What to do: Below are entries. Reproduce exactly the lines between the line holding "let A = w !" and the line holding "so the invariant", inclusive, and only those.
[[ Given records, beginning ]]
lemma Wm_comp:
  "po r \<Longrightarrow> po s \<Longrightarrow> po t \<Longrightarrow> quasi_emb r s f \<Longrightarrow> quasi_emb s t g \<Longrightarrow> \<sigma> \<in> Field (Wo r) \<Longrightarrow>
    Wm r t (g \<circ> f) \<sigma> = Wm s t g (Wm r s f \<sigma>)"
  using normal by (simp add: normal_PO_dilator_def PO_dilator_def)

lemma supp_Wm:
  "po r \<Longrightarrow> po s \<Longrightarrow> quasi_emb r s f \<Longrightarrow> \<sigma> \<in> Field (Wo r) \<Longrightarrow> supp s (Wm r s f \<sigma>) = f ` supp r \<sigma>"
  using normal by (simp add: normal_PO_dilator_def PO_dilator_def)

lemma le_fin_supp: "po r \<Longrightarrow> (\<sigma>, \<tau>) \<in> Wo r \<Longrightarrow> le_fin r (supp r \<sigma>) (supp r \<tau>)"
  using normal by (simp add: normal_PO_dilator_def)

definition incl :: "('a \<Rightarrow> 'a \<Rightarrow> bool) \<Rightarrow> 'a set \<Rightarrow> 'a set \<Rightarrow> 'w \<Rightarrow> 'w" where
  "incl le A B = Wm (restr_rel le A) (restr_rel le B) id"

definition W_label :: "('a \<Rightarrow> 'a \<Rightarrow> bool) \<Rightarrow> 'a set \<Rightarrow> 'w \<Rightarrow> bool" where
  "W_label le A \<sigma> \<longleftrightarrow> partial_order_on A (restr_rel le A) \<and>
     \<sigma> \<in> Field (Wo (restr_rel le A)) \<and> supp (restr_rel le A) \<sigma> = A"

definition W_le :: "('a \<Rightarrow> 'a \<Rightarrow> bool) \<Rightarrow> 'a set \<Rightarrow> 'w \<Rightarrow> 'a set \<Rightarrow> 'w \<Rightarrow> bool" where
  "W_le le A \<sigma> B \<tau> \<longleftrightarrow> partial_order_on (A \<union> B) (restr_rel le (A \<union> B)) \<and>
     (incl le A (A \<union> B) \<sigma>, incl le B (A \<union> B) \<tau>) \<in> Wo (restr_rel le (A \<union> B))"

context
  fixes le :: "'a \<Rightarrow> 'a \<Rightarrow> bool"
    and A B :: "'a set"
  assumes po_A: "partial_order_on A (restr_rel le A)"
    and po_B: "partial_order_on B (restr_rel le B)"
    and subset: "A \<subseteq> B"
begin

lemma incl_Field:
  "\<sigma> \<in> Field (Wo (restr_rel le A)) \<Longrightarrow> incl le A B \<sigma> \<in> Field (Wo (restr_rel le B))"
  using Wm_quasi_emb[OF po_restr_rel[OF po_A] po_restr_rel[OF po_B]
      emb_imp_quasi_emb[OF emb_id_restr_rel[OF subset]]]
  unfolding quasi_emb_def incl_def by blast

lemma supp_incl:
  "\<sigma> \<in> Field (Wo (restr_rel le A)) \<Longrightarrow>
    supp (restr_rel le B) (incl le A B \<sigma>) = supp (restr_rel le A) \<sigma>"
  using supp_Wm[OF po_restr_rel[OF po_A] po_restr_rel[OF po_B]
      emb_imp_quasi_emb[OF emb_id_restr_rel[OF subset]]]
  unfolding incl_def by simp

lemma incl_le_incl_iff:
  "\<sigma> \<in> Field (Wo (restr_rel le A)) \<Longrightarrow> \<tau> \<in> Field (Wo (restr_rel le A)) \<Longrightarrow>
    (incl le A B \<sigma>, incl le A B \<tau>) \<in> Wo (restr_rel le B) \<longleftrightarrow> (\<sigma>, \<tau>) \<in> Wo (restr_rel le A)"
  using Wm_emb[OF po_restr_rel[OF po_A] po_restr_rel[OF po_B] emb_id_restr_rel[OF subset]]
  unfolding emb_def incl_def by blast

lemma incl_incl:
  assumes "partial_order_on C (restr_rel le C)" and "B \<subseteq> C"
    and "\<sigma> \<in> Field (Wo (restr_rel le A))"
  shows "incl le B C (incl le A B \<sigma>) = incl le A C \<sigma>"
  using Wm_comp[OF po_restr_rel[OF po_A] po_restr_rel[OF po_B] po_restr_rel[OF assms(1)]
      emb_imp_quasi_emb[OF emb_id_restr_rel[OF subset]]
      emb_imp_quasi_emb[OF emb_id_restr_rel[OF assms(2)]] assms(3)]
  unfolding incl_def by simp

end
(* Let $a,b\in\alpha$ with $a\neq\tau(a)$ and $b\neq\tau(b)$, and let $m,n\ge3$. The monoliteral words $a^m=aa\cdots a$ ($m$ letters) and $b^n$ in the alphabet $\alpha$ are homotopic if and only if $a=b$ and $m=n$.
   Context: Fix a set $\alpha$ with an involution $\tau:\alpha\to\alpha$. An $\alpha$-alphabet is a set $\mathcal A$ with a map $\mathcal A\to\alpha$, $A\mapsto|A|$. An étale word over $\alpha$ is a pair $(\mathcal A,w)$ with $\mathcal A$ an $\alpha$-alphabet and $w$ a finite word in letters of $\mathcal A$. A nanoword is an étale word with $\mathcal A$ finite and every letter occurring exactly twice. Isomorphism of nanowords: a bijection of alphabets preserving $|\cdot|$ carrying one word to the other letterwise. Homotopy moves on nanowords ($x,y,z,t$ words in the remaining letters): (1) $(\mathcal A,xAAy)\mapsto(\mathcal A\setminus\{A\},xy)$; (2) $(\mathcal A,xAByBAz)\mapsto(\mathcal A\setminus\{A,B\},xyz)$ if $|B|=\tau(|A|)$; (3) $(\mathcal A,xAByACzBCt)\mapsto(\mathcal A,xBAyCAzCBt)$ if $A,B,C$ distinct with $|A|=|B|=|C|$. Homotopy of nanowords is the equivalence relation generated by isomorphisms, these moves and inverses. Desingularization: for an étale word $(\mathcal A,w)$ with $m_w(A)$ the number of occurrences of $A$, let $\mathcal A^d=\{A_{i,j}:1\le i<j\le m_w(A)\}$ with $|A_{i,j}|=|A|$, and $w^d$ obtained from $w$ by deleting letters of multiplicity 1 and replacing the $i$-th occurrence of $A$ (with $m=m_w(A)\ge2$) by $A_{1,i}\cdots A_{i-1,i}A_{i,i+1}\cdots A_{i,m}$. Two étale words are homotopic if their desingularizations are homotopic nanowords. A word in the alphabet $\alpha$ is regarded as the étale word $(\alpha,w)$ with identity projection. *)

theory Defs
  imports Main
begin

text \<open>A nanoword over alpha is represented by a pair (w, p) of a word w over a letter
type 'l and a projection p :: 'l => 'a; its alphabet is set w (every letter of the
alphabet occurs in w, exactly twice).  Only p restricted to set w matters.\<close>

definition nanoword :: "'l list \<Rightarrow> bool" where
  "nanoword w \<longleftrightarrow> (\<forall>x\<in>set w. count_list w x = 2)"

inductive hmove :: "('a \<Rightarrow> 'a) \<Rightarrow> ('l list \<times> ('l \<Rightarrow> 'a)) \<Rightarrow> ('l list \<times> ('l \<Rightarrow> 'a)) \<Rightarrow> bool"
  for \<tau> :: "'a \<Rightarrow> 'a" where
  iso: "\<lbrakk>nanoword w; inj_on f (set w); \<forall>x\<in>set w. q (f x) = p x\<rbrakk>
        \<Longrightarrow> hmove \<tau> (w, p) (map f w, q)"
| move1: "nanoword (x @ [A, A] @ y) \<Longrightarrow> hmove \<tau> (x @ [A, A] @ y, p) (x @ y, p)"
| move2: "\<lbrakk>nanoword (x @ [A, B] @ y @ [B, A] @ z); p B = \<tau> (p A)\<rbrakk>
        \<Longrightarrow> hmove \<tau> (x @ [A, B] @ y @ [B, A] @ z, p) (x @ y @ z, p)"
| move3: "\<lbrakk>nanoword (x @ [A, B] @ y @ [A, C] @ z @ [B, C] @ t); distinct [A, B, C];
          p A = p B; p B = p C\<rbrakk>
        \<Longrightarrow> hmove \<tau> (x @ [A, B] @ y @ [A, C] @ z @ [B, C] @ t, p)
                     (x @ [B, A] @ y @ [C, A] @ z @ [C, B] @ t, p)"

definition nano_homotopic ::
  "('a \<Rightarrow> 'a) \<Rightarrow> ('l list \<times> ('l \<Rightarrow> 'a)) \<Rightarrow> ('l list \<times> ('l \<Rightarrow> 'a)) \<Rightarrow> bool" where
  "nano_homotopic \<tau> = (\<lambda>u v. hmove \<tau> u v \<or> hmove \<tau> v u)\<^sup>*\<^sup>*"

text \<open>Desingularization: the i-th occurrence (1-based) of a letter A of multiplicity m
is replaced by A_{1,i} ... A_{i-1,i} A_{i,i+1} ... A_{i,m}; letter A_{i,j} is (A,i,j).
Letters of multiplicity 1 give the empty block, i.e. are deleted.\<close>

definition desing :: "'l list \<Rightarrow> ('l \<times> nat \<times> nat) list" where
  "desing w = concat (map (\<lambda>k.
      let A = w ! k; i = count_list (take (Suc k) w) A; m = count_list w A
      in map (\<lambda>j. (A, j, i)) [1..<i] @ map (\<lambda>j. (A, i, j)) [Suc i..<Suc m])
    [0..<length w])"

definition etale_homotopic ::
  "('a \<Rightarrow> 'a) \<Rightarrow> ('l list \<times> ('l \<Rightarrow> 'a)) \<Rightarrow> ('l list \<times> ('l \<Rightarrow> 'a)) \<Rightarrow> bool" where
  "etale_homotopic \<tau> u v \<longleftrightarrow>
     nano_homotopic \<tau> (desing (fst u), snd u \<circ> fst) (desing (fst v), snd v \<circ> fst)"

end

theory Submission
  imports Defs "HOL-Library.Product_Lexorder"
begin

(* For a letter a with a \<noteq> \<tau> a, give a projection x the charge 1, -1 or 0 according as
   x = a, x = \<tau> a or neither, and give a letter A of a nanoword the index obtained by summing
   the linking signs of A with the other letters B, weighted by the charges of their projections.
   The total charge of the letters with nonzero index is a homotopy invariant: a letter removed by
   move (1) has index 0, the two letters removed by move (2) have equal indices and opposite
   charges, and move (3) only changes linking signs inside a triangle of letters of equal
   projection, keeping every row sum of that triangle.
   In the desingularization of a^m the letter (a, i, j), i < j, has index (j - i)(m + 1 - i - j),
   so the invariant counts the pairs 1 \<le> i < j \<le> m off the antidiagonal i + j = m + 1; this
   count is positive for m \<ge> 3 and strictly increasing from m = 2 on, whereas for b^n with
   b \<noteq> a every letter has charge 0 or -1. *)

section \<open>A homotopy invariant of nanowords\<close>

definition link_sign :: "'l list \<Rightarrow> 'l \<Rightarrow> 'l \<Rightarrow> int" where
  "link_sign w A B = (if A = B then 0 else
     (let f = filter (\<lambda>v. v = A \<or> v = B) w in
      if f = [A, B, A, B] then 1 else if f = [B, A, B, A] then -1 else 0))"

definition charge :: "('a \<Rightarrow> 'a) \<Rightarrow> 'a \<Rightarrow> 'a \<Rightarrow> int" where
  "charge \<tau> a x = (if x = a then 1 else if x = \<tau> a then -1 else 0)"

definition link_index :: "('a \<Rightarrow> 'a) \<Rightarrow> 'a \<Rightarrow> 'l list \<Rightarrow> ('l \<Rightarrow> 'a) \<Rightarrow> 'l \<Rightarrow> int" where
  "link_index \<tau> a w p A = (\<Sum>B\<in>set w. link_sign w A B * charge \<tau> a (p B))"

fun index_count :: "('a \<Rightarrow> 'a) \<Rightarrow> 'a \<Rightarrow> 'l list \<times> ('l \<Rightarrow> 'a) \<Rightarrow> int" where
  "index_count \<tau> a (w, p) =
     (\<Sum>A\<in>set w. if link_index \<tau> a w p A = 0 then 0 else charge \<tau> a (p A))"

lemma link_sign_self [simp]: "link_sign w A A = 0"
  by (simp add: link_sign_def)

lemma link_sign_swap: "link_sign w B A = - link_sign w A B"
proof -
  have "(\<lambda>v. v = B \<or> v = A) = (\<lambda>v. v = A \<or> v = B)" by auto
  then show ?thesis by (auto simp: link_sign_def Let_def)
qed

lemma link_sign_cong_filter:
  "filter (\<lambda>v. v = A \<or> v = B) w = filter (\<lambda>v. v = A \<or> v = B) w'
   \<Longrightarrow> link_sign w A B = link_sign w' A B"
  by (simp add: link_sign_def)

lemma filter_two_letters_absent:
  "A \<notin> set l \<Longrightarrow> B \<notin> set l \<Longrightarrow> filter (\<lambda>v. v = A \<or> v = B) l = []"
  by (auto simp: filter_empty_conv)

lemma link_sign_two_occurrences:
  assumes "A \<notin> set x" "A \<notin> set y" "A \<notin> set z" "E \<noteq> A"
  shows "link_sign (x @ A # y @ A # z) A E =
    (if count_list x E = 0 \<and> count_list y E = 1 \<and> count_list z E = 1 then 1
     else if count_list x E = 1 \<and> count_list y E = 1 \<and> count_list z E = 0 then -1 else 0)"
proof -
  have only_E: "filter (\<lambda>v. v = A \<or> v = E) l = replicate (count_list l E) E" if "A \<notin> set l" for l
    using that by (induction l) auto
  have "replicate i E @ A # replicate j E @ A # replicate k E = [A, E, A, E]
      \<longleftrightarrow> i = 0 \<and> j = 1 \<and> k = 1" for i j k
    using \<open>E \<noteq> A\<close>
    by (cases i; cases j; cases k) (auto simp: Cons_eq_append_conv append_eq_Cons_conv)
  moreover have "replicate i E @ A # replicate j E @ A # replicate k E = [E, A, E, A]
      \<longleftrightarrow> i = 1 \<and> j = 1 \<and> k = 0" for i j k
    using \<open>E \<noteq> A\<close>
    by (cases i; cases j; cases k) (auto simp: Cons_eq_append_conv append_eq_Cons_conv)
  ultimately show ?thesis
    using assms by (simp add: link_sign_def Let_def only_E)
qed

lemma link_sign_map:
  assumes "inj_on f (set w)" "A \<in> set w" "B \<in> set w"
  shows "link_sign (map f w) (f A) (f B) = link_sign w A B"
proof (cases "A = B")
  case False
  let ?L = "filter (\<lambda>v. v = A \<or> v = B) w"
  have "f A \<noteq> f B" using False assms by (simp add: inj_on_eq_iff)
  have "filter (\<lambda>v. v = f A \<or> v = f B) (map f w) = map f (filter (\<lambda>v. f v = f A \<or> f v = f B) w)"
    by (simp add: filter_map comp_def)
  also have "filter (\<lambda>v. f v = f A \<or> f v = f B) w = ?L"
    using assms by (intro filter_cong) (auto simp: inj_on_eq_iff)
  finally have filter_map_eq: "filter (\<lambda>v. v = f A \<or> v = f B) (map f w) = map f ?L" .
  have inj_ABAB: "inj_on f (set ?L \<union> set [A, B, A, B])"
    and inj_BABA: "inj_on f (set ?L \<union> set [B, A, B, A])"
    by (rule inj_on_subset[OF assms(1)]; use assms(2,3) in auto)+
  show ?thesis
    using False \<open>f A \<noteq> f B\<close> inj_on_map_eq_map[OF inj_ABAB] inj_on_map_eq_map[OF inj_BABA]
    unfolding link_sign_def Let_def filter_map_eq by simp
qed simp

lemma charge_involution:
  assumes "\<forall>x. \<tau> (\<tau> x) = x" "a \<noteq> \<tau> a"
  shows "charge \<tau> a (\<tau> x) = - charge \<tau> a x"
proof -
  have "\<tau> x = a \<longleftrightarrow> x = \<tau> a" "\<tau> x = \<tau> a \<longleftrightarrow> x = a"
    using assms(1) by metis+
  then show ?thesis
    using assms(2) by (auto simp: charge_def)
qed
[[ Given records, end ]]
Task answer:
      let A = w ! k; i = count_list (take (Suc k) w) A; m = count_list w A
      in map (\<lambda>j. (A, j, i)) [1..<i] @ map (\<lambda>j. (A, i, j)) [Suc i..<Suc m])
    [0..<length w])"

definition etale_homotopic ::
  "('a \<Rightarrow> 'a) \<Rightarrow> ('l list \<times> ('l \<Rightarrow> 'a)) \<Rightarrow> ('l list \<times> ('l \<Rightarrow> 'a)) \<Rightarrow> bool" where
  "etale_homotopic \<tau> u v \<longleftrightarrow>
     nano_homotopic \<tau> (desing (fst u), snd u \<circ> fst) (desing (fst v), snd v \<circ> fst)"

end

theory Submission
  imports Defs "HOL-Library.Product_Lexorder"
begin

(* For a letter a with a \<noteq> \<tau> a, give a projection x the charge 1, -1 or 0 according as
   x = a, x = \<tau> a or neither, and give a letter A of a nanoword the index obtained by summing
   the linking signs of A with the other letters B, weighted by the charges of their projections.
   The total charge of the letters with nonzero index is a homotopy invariant: a letter removed by
   move (1) has index 0, the two letters removed by move (2) have equal indices and opposite
   charges, and move (3) only changes linking signs inside a triangle of letters of equal
   projection, keeping every row sum of that triangle.
   In the desingularization of a^m the letter (a, i, j), i < j, has index (j - i)(m + 1 - i - j),
   so the invariant counts the pairs 1 \<le> i < j \<le> m off the antidiagonal i + j = m + 1; this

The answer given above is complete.